Especially rapid growth of the global stock market occurred in the second half of the 90s and is associated, first of all, with information technology companies, primarily the United States. The U.S. share of global capitalization increased from 30% in the late 80s to almost 50% in the late 90s. At the same time, Japan’s share, which reached 38% in 1989, fell to 9-12% by the end of the last decade. The consequences of the crisis of 1990-1991 in the stock market of this country continued to be felt throughout the decade. Europe’s share has increased slightly, from a quarter to a third of the world’s.

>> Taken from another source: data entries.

(* Let $X\in\mathbb R^{m\times N}$ have rank $m<N$ with singular values $\sigma_1\ge\cdots\ge\sigma_m>0$, and let $w\in\mathbb R^N$ have i.i.d. $\mathcal N(0,1)$ entries. Let $p\in\mathbb N$, $p\ge2$, $\epsilon\in(0,1)$, and $\widetilde X=X+E\in\mathbb R^{m\times N}$ with $\|E\|_2\le\epsilon\sigma_1<\sigma_m$. Then with probability at least $1-2/N^{p-1}$, every minimizer $\widetilde w$ of $\|z\|_\infty$ subject to $\widetilde Xz=Xw$ satisfies $$\|\widetilde w\|_\infty\le\frac{\sigma_1}{\sigma_m-\epsilon\sigma_1}\sqrt{2p\log N}.$$
   Context: $\|\cdot\|_2$ of a matrix is the spectral norm. *)

theory Defs
  imports "HOL-Analysis.Analysis" "HOL-Probability.Probability"
begin

definition spec_norm :: "real^'n^'m \<Rightarrow> real" where
  "spec_norm A = onorm (\<lambda>x. A *v x)"

definition gram_eigenvalues :: "real^'n^'m \<Rightarrow> real set" where
  "gram_eigenvalues X = {c. \<exists>v::real^'m. v \<noteq> 0 \<and> (X ** transpose X) *v v = c *\<^sub>R v}"

text \<open>For X with m \<le> N rows, the singular values of X are the square roots of the
  eigenvalues of X X^T. Largest singular value sigma_1 and smallest sigma_m:\<close>
definition sigma_max :: "real^'n^'m \<Rightarrow> real" where
  "sigma_max X = sqrt (Max (gram_eigenvalues X))"

definition sigma_min :: "real^'n^'m \<Rightarrow> real" where
  "sigma_min X = sqrt (Min (gram_eigenvalues X))"

definition linf_norm :: "real^'n \<Rightarrow> real" where
  "linf_norm z = Max (range (\<lambda>i. \<bar>z $ i\<bar>))"

definition gauss_vec :: "('n::finite \<Rightarrow> real) measure" where
  "gauss_vec = PiM UNIV (\<lambda>_. density lborel std_normal_density)"

end

theory Submission
  imports Defs
begin

text \<open>Let \<open>d = \<sigma>\<^sub>m - \<epsilon>\<sigma>\<^sub>1\<close>. Weyl's inequality gives \<open>\<parallel>(X + E)\<^sup>T v\<parallel> \<ge> d \<parallel>v\<parallel>\<close>, so
  \<open>R = (X + E)\<^sup>T G\<^sup>-\<^sup>1\<close> with \<open>G = (X + E)(X + E)\<^sup>T\<close> is a right inverse of \<open>X + E\<close> with
  \<open>\<parallel>R\<parallel>\<^sub>2 \<le> 1/d\<close>. Hence \<open>z = R X w\<close> is feasible and the rows \<open>r\<^sub>i\<close> of \<open>R X\<close> satisfy
  \<open>\<parallel>r\<^sub>i\<parallel> \<le> K = \<sigma>\<^sub>1/d\<close>. Each \<open>z\<^sub>i = \<langle>r\<^sub>i, w\<rangle>\<close> is a centred Gaussian of variance at most \<open>K\<^sup>2\<close>,
  so a Chernoff bound gives \<open>P(|z\<^sub>i| > K t) \<le> 2 exp(-t\<^sup>2/2) = 2/N\<^sup>p\<close> for \<open>t = sqrt(2 p ln N)\<close>.
  A union bound over the \<open>N\<close> coordinates shows \<open>\<parallel>z\<parallel>\<^sub>\<infinity> \<le> K t\<close> with probability at least
  \<open>1 - 2/N\<^sup>p\<^sup>-\<^sup>1\<close>, and every minimizer has \<open>\<infinity>\<close>-norm at most \<open>\<parallel>z\<parallel>\<^sub>\<infinity>\<close>.\<close>

section \<open>Gaussian tail bounds\<close>

lemma prob_space_std_normal: "prob_space (density lborel std_normal_density)"
  using prob_space_normal_density[of 1 0] by simp

lemma prob_space_gauss_vec: "prob_space (gauss_vec :: ('n::finite \<Rightarrow> real) measure)"
  unfolding gauss_vec_def by (intro prob_space_PiM prob_space_std_normal)

lemma space_gauss_vec: "space (gauss_vec :: ('n::finite \<Rightarrow> real) measure) = UNIV"
  unfolding gauss_vec_def by (simp add: space_PiM)

lemma std_normal_mgf:
  "(\<integral>\<^sup>+x. ennreal (exp (c * x)) \<partial>density lborel std_normal_density) = ennreal (exp (c\<^sup>2 / 2))"
proof -
  have complete_square: "std_normal_density x * exp (c * x) = exp (c\<^sup>2 / 2) * normal_density c 1 x" for x
    unfolding normal_density_def by (simp add: mult_exp_exp power2_eq_square field_simps)
  have normal_total: "(\<integral>\<^sup>+x. ennreal (normal_density c 1 x) \<partial>lborel) = 1"
  proof -
    interpret prob_space "density lborel (normal_density c 1)"
      using prob_space_normal_density[of 1 c] by simp
    show ?thesis using emeasure_space_1 by (simp add: emeasure_density)
  qed
  have "(\<integral>\<^sup>+x. ennreal (exp (c * x)) \<partial>density lborel std_normal_density)
      = (\<integral>\<^sup>+x. ennreal (exp (c\<^sup>2 / 2)) * ennreal (normal_density c 1 x) \<partial>lborel)"
    by (subst nn_integral_density)
       (auto intro!: nn_integral_cong simp: ennreal_mult'[symmetric] complete_square)
  also have "\<dots> = ennreal (exp (c\<^sup>2 / 2))"
    by (subst nn_integral_cmult) (auto simp: normal_total)
  finally show ?thesis .
qed

lemma inner_vec_lambda: "a \<bullet> vec_lambda w = (\<Sum>j\<in>UNIV. a $ j * w j)"
  by (simp add: inner_vec_def)

lemma measurable_inner_vec_lambda [measurable]:
  fixes a :: "real^'n::finite"
  shows "(\<lambda>w. a \<bullet> vec_lambda w) \<in> borel_measurable (gauss_vec :: ('n \<Rightarrow> real) measure)"
  unfolding inner_vec_lambda gauss_vec_def by measurable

The growth of capitalization was mainly due to an increase in the price of shares, since the number of joint-stock companies that have an official quotation on stock exchanges (and capitalization is calculated only for these companies) has changed insignificantly in developed countries. The number of issuers for a decade and a half of the past century  increased here from 18 to 21 thousand.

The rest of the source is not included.